WORK TO BE COMPLETED: There is one span to output from the data below: the lines starting at the line with "Y)\<close> for independent" and ending at the line with "sets borel \<Longrightarrow>". Output it exactly, ends included, nothing more.

INFORMATION SHOWN:
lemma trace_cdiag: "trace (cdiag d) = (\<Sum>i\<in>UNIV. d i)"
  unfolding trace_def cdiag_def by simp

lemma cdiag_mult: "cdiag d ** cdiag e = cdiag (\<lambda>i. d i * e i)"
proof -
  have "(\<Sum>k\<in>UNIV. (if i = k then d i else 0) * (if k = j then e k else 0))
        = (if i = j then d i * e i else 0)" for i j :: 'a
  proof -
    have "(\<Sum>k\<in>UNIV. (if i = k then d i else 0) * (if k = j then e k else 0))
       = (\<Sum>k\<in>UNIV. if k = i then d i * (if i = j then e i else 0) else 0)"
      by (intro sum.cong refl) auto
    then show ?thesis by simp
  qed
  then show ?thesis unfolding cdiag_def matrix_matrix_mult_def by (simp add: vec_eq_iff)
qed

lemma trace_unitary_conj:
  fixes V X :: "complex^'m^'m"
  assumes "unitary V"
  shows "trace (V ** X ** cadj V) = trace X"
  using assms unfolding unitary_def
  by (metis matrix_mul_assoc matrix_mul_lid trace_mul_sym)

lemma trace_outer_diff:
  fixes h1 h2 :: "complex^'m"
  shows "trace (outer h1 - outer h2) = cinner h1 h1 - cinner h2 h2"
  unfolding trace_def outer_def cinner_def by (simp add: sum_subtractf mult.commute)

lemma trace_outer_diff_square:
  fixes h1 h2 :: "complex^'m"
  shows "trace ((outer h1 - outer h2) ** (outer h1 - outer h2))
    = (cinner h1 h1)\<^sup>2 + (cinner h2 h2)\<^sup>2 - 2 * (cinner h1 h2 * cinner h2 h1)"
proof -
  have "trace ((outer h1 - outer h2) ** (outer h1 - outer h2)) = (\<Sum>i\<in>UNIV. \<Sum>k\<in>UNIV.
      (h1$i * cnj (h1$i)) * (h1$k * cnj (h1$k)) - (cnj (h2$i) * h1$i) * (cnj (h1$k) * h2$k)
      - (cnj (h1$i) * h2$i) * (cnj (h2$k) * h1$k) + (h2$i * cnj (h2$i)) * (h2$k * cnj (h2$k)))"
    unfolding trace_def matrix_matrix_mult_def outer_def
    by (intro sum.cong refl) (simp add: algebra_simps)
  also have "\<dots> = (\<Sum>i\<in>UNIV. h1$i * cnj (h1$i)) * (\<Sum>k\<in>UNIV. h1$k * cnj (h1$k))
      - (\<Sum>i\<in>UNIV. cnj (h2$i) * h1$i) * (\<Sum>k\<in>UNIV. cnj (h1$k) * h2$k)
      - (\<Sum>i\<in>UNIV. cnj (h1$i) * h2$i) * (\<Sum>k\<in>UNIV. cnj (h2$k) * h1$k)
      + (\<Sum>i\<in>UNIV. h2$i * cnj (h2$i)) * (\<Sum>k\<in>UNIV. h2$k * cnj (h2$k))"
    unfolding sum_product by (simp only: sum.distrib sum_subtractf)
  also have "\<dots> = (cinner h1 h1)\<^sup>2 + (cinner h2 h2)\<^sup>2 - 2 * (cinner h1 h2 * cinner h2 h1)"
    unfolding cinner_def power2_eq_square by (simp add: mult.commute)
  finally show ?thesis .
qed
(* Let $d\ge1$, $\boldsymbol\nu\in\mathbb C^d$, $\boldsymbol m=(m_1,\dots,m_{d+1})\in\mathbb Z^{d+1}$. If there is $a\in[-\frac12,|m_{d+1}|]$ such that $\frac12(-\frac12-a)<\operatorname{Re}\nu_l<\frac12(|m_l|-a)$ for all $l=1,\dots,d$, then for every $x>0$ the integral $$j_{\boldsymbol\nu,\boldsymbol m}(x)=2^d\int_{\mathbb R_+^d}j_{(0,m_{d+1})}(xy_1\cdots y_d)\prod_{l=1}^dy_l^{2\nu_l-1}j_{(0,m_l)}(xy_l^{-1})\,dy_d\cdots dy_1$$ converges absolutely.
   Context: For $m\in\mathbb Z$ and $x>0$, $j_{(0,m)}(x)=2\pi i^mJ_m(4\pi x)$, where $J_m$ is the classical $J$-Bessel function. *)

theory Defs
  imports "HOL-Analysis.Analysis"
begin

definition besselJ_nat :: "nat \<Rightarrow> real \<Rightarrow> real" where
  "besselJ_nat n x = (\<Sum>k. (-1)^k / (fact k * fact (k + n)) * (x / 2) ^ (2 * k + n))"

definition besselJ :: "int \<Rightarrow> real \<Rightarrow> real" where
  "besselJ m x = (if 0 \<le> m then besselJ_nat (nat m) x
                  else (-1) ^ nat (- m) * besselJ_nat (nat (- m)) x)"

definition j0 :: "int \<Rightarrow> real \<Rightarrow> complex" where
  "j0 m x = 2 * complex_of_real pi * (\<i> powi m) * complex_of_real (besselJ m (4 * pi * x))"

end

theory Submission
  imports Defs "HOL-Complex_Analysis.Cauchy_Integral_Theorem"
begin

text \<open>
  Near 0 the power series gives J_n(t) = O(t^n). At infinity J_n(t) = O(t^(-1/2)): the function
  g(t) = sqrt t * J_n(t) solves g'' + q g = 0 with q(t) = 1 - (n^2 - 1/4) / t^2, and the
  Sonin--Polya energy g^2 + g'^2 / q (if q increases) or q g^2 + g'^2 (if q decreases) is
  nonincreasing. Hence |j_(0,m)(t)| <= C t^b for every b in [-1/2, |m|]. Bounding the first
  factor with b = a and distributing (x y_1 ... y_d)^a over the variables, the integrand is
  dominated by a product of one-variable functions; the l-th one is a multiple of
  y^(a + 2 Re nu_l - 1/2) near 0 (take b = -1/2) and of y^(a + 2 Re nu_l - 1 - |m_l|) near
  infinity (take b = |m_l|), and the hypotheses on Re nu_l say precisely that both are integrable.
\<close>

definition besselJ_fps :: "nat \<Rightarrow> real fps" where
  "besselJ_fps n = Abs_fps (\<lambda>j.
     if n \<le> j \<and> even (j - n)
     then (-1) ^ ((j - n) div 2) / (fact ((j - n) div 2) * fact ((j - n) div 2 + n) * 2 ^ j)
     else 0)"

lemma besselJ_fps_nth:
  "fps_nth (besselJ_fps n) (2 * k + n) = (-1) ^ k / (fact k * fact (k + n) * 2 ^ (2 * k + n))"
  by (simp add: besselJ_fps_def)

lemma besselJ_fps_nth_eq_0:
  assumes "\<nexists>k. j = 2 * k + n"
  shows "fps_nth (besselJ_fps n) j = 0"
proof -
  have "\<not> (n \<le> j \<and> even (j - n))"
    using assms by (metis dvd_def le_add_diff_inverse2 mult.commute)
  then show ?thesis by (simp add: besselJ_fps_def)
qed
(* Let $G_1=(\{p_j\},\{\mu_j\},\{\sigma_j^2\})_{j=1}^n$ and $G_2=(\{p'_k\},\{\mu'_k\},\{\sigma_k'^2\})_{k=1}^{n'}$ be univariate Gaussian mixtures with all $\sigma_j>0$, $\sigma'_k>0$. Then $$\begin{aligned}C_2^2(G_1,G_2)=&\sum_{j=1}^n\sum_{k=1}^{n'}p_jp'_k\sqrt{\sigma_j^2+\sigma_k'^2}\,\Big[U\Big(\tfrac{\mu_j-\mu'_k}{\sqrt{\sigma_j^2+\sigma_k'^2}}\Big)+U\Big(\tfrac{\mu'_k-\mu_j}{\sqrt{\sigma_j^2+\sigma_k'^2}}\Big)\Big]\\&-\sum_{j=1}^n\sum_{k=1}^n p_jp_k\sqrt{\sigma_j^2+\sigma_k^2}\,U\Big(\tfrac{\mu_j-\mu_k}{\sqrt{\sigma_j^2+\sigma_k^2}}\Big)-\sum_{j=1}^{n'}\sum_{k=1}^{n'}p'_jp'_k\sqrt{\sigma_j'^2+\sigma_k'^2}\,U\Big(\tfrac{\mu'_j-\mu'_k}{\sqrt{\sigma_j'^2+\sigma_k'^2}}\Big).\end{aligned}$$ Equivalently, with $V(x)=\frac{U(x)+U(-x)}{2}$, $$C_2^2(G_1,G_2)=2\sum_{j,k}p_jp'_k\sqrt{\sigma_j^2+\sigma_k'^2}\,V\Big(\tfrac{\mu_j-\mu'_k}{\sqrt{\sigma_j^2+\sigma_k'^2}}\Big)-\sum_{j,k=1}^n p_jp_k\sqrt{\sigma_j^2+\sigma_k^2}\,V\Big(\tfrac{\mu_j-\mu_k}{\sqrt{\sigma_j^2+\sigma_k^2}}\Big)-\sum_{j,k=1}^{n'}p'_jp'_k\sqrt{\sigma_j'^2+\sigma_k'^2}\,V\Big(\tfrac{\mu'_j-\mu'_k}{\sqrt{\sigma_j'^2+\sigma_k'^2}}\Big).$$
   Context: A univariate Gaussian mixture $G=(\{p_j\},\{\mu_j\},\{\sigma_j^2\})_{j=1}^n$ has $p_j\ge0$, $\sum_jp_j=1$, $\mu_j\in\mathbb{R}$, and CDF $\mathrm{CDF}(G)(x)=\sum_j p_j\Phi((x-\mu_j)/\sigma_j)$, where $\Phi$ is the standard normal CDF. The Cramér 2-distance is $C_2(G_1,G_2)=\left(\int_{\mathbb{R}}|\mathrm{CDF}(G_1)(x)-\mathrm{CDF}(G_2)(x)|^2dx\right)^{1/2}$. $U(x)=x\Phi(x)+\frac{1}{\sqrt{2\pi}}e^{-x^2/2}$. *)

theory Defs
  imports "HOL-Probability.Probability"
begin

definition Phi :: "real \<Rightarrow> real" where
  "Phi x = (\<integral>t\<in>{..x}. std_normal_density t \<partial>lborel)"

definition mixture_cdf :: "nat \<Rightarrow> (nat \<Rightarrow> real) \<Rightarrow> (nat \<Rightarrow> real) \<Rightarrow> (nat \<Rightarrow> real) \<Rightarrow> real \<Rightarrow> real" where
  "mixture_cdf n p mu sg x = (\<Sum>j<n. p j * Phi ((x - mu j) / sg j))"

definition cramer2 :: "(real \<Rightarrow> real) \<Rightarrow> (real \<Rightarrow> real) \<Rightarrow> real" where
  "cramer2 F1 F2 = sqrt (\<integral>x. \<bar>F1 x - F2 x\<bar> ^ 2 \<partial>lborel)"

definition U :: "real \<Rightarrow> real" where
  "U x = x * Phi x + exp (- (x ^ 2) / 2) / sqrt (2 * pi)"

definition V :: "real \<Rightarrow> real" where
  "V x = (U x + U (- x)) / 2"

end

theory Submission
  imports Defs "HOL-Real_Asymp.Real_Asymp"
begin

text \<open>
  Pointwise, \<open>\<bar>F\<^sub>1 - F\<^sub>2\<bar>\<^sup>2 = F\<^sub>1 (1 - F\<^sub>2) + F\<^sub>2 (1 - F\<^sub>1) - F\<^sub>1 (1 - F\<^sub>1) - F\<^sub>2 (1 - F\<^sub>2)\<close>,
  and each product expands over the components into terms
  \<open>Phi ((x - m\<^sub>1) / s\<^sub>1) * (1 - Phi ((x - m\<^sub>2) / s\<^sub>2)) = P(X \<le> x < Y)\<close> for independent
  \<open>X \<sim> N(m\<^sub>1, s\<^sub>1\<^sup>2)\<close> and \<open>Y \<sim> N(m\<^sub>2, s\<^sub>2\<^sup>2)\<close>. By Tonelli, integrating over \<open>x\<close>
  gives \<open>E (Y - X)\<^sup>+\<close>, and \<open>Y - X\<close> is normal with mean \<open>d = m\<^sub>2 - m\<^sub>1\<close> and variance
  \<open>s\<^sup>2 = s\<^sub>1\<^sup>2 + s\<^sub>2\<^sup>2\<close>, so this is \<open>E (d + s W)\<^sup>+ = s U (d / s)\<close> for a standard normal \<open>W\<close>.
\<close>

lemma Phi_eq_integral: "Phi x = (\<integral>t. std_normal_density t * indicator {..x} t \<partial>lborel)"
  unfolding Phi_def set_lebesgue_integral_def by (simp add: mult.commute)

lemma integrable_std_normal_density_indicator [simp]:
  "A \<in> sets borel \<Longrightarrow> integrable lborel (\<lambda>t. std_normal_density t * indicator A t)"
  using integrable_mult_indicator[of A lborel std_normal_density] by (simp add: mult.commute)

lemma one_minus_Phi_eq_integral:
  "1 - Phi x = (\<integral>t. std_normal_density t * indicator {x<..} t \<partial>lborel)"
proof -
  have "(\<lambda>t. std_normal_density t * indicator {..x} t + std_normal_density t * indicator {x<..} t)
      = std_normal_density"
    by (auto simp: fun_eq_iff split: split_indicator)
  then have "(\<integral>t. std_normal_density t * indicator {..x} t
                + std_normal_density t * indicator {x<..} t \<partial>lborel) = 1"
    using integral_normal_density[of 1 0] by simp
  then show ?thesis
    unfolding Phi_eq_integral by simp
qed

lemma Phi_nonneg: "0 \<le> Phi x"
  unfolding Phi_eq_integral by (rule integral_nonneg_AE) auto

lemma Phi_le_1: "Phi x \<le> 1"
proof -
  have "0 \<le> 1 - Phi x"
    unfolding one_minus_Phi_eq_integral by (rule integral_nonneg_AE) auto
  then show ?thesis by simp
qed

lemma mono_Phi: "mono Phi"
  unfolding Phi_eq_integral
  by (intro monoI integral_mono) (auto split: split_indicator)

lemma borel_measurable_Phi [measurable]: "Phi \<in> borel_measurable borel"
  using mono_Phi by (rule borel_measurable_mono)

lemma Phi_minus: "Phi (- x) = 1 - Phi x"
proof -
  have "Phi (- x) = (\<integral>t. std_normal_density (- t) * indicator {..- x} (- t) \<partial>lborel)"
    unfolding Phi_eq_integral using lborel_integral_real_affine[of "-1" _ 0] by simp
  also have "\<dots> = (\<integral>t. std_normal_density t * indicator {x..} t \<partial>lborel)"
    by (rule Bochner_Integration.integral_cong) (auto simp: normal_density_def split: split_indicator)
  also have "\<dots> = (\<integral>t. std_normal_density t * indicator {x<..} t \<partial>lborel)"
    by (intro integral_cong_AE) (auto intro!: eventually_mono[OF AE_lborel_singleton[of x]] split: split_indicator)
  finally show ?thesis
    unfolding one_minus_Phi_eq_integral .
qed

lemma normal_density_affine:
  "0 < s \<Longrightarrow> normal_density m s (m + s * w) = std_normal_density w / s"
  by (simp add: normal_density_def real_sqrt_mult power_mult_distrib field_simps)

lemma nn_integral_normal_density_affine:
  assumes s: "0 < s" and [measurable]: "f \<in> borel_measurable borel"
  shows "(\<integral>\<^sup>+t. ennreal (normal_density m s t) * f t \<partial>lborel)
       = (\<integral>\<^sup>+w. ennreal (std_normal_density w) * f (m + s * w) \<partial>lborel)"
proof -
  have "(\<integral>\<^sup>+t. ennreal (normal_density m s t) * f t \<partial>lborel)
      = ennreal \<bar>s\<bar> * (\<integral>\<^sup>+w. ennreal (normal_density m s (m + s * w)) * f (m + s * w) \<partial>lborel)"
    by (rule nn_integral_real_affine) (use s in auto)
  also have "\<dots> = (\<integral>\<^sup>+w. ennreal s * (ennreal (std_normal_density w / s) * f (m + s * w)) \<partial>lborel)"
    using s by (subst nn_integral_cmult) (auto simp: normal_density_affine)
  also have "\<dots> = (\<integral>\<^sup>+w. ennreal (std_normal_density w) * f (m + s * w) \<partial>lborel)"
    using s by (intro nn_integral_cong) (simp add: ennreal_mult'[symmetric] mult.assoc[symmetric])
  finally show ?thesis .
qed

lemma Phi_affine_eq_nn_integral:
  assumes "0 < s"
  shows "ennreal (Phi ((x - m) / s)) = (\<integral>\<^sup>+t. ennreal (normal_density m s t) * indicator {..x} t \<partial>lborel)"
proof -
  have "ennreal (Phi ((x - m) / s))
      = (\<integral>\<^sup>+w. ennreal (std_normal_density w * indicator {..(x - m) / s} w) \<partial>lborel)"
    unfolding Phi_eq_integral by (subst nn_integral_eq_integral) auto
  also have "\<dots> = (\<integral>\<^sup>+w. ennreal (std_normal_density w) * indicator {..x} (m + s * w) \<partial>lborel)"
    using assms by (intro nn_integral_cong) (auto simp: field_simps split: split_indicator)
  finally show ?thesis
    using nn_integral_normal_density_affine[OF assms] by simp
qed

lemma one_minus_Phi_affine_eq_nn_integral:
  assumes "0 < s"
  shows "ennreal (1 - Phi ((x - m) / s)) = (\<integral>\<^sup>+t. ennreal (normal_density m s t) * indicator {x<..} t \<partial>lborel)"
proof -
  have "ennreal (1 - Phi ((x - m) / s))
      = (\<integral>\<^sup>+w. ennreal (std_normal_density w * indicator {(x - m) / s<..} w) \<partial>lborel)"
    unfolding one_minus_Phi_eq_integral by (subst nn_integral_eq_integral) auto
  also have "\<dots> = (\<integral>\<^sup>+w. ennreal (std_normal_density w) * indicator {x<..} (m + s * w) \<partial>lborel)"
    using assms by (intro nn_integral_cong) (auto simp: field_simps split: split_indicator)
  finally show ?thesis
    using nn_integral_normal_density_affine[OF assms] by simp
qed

SOLUTION BELOW:
  \<open>Phi ((x - m\<^sub>1) / s\<^sub>1) * (1 - Phi ((x - m\<^sub>2) / s\<^sub>2)) = P(X \<le> x < Y)\<close> for independent
  \<open>X \<sim> N(m\<^sub>1, s\<^sub>1\<^sup>2)\<close> and \<open>Y \<sim> N(m\<^sub>2, s\<^sub>2\<^sup>2)\<close>. By Tonelli, integrating over \<open>x\<close>
  gives \<open>E (Y - X)\<^sup>+\<close>, and \<open>Y - X\<close> is normal with mean \<open>d = m\<^sub>2 - m\<^sub>1\<close> and variance
  \<open>s\<^sup>2 = s\<^sub>1\<^sup>2 + s\<^sub>2\<^sup>2\<close>, so this is \<open>E (d + s W)\<^sup>+ = s U (d / s)\<close> for a standard normal \<open>W\<close>.
\<close>

lemma Phi_eq_integral: "Phi x = (\<integral>t. std_normal_density t * indicator {..x} t \<partial>lborel)"
  unfolding Phi_def set_lebesgue_integral_def by (simp add: mult.commute)

lemma integrable_std_normal_density_indicator [simp]:
  "A \<in> sets borel \<Longrightarrow> integrable lborel (\<lambda>t. std_normal_density t * indicator A t)"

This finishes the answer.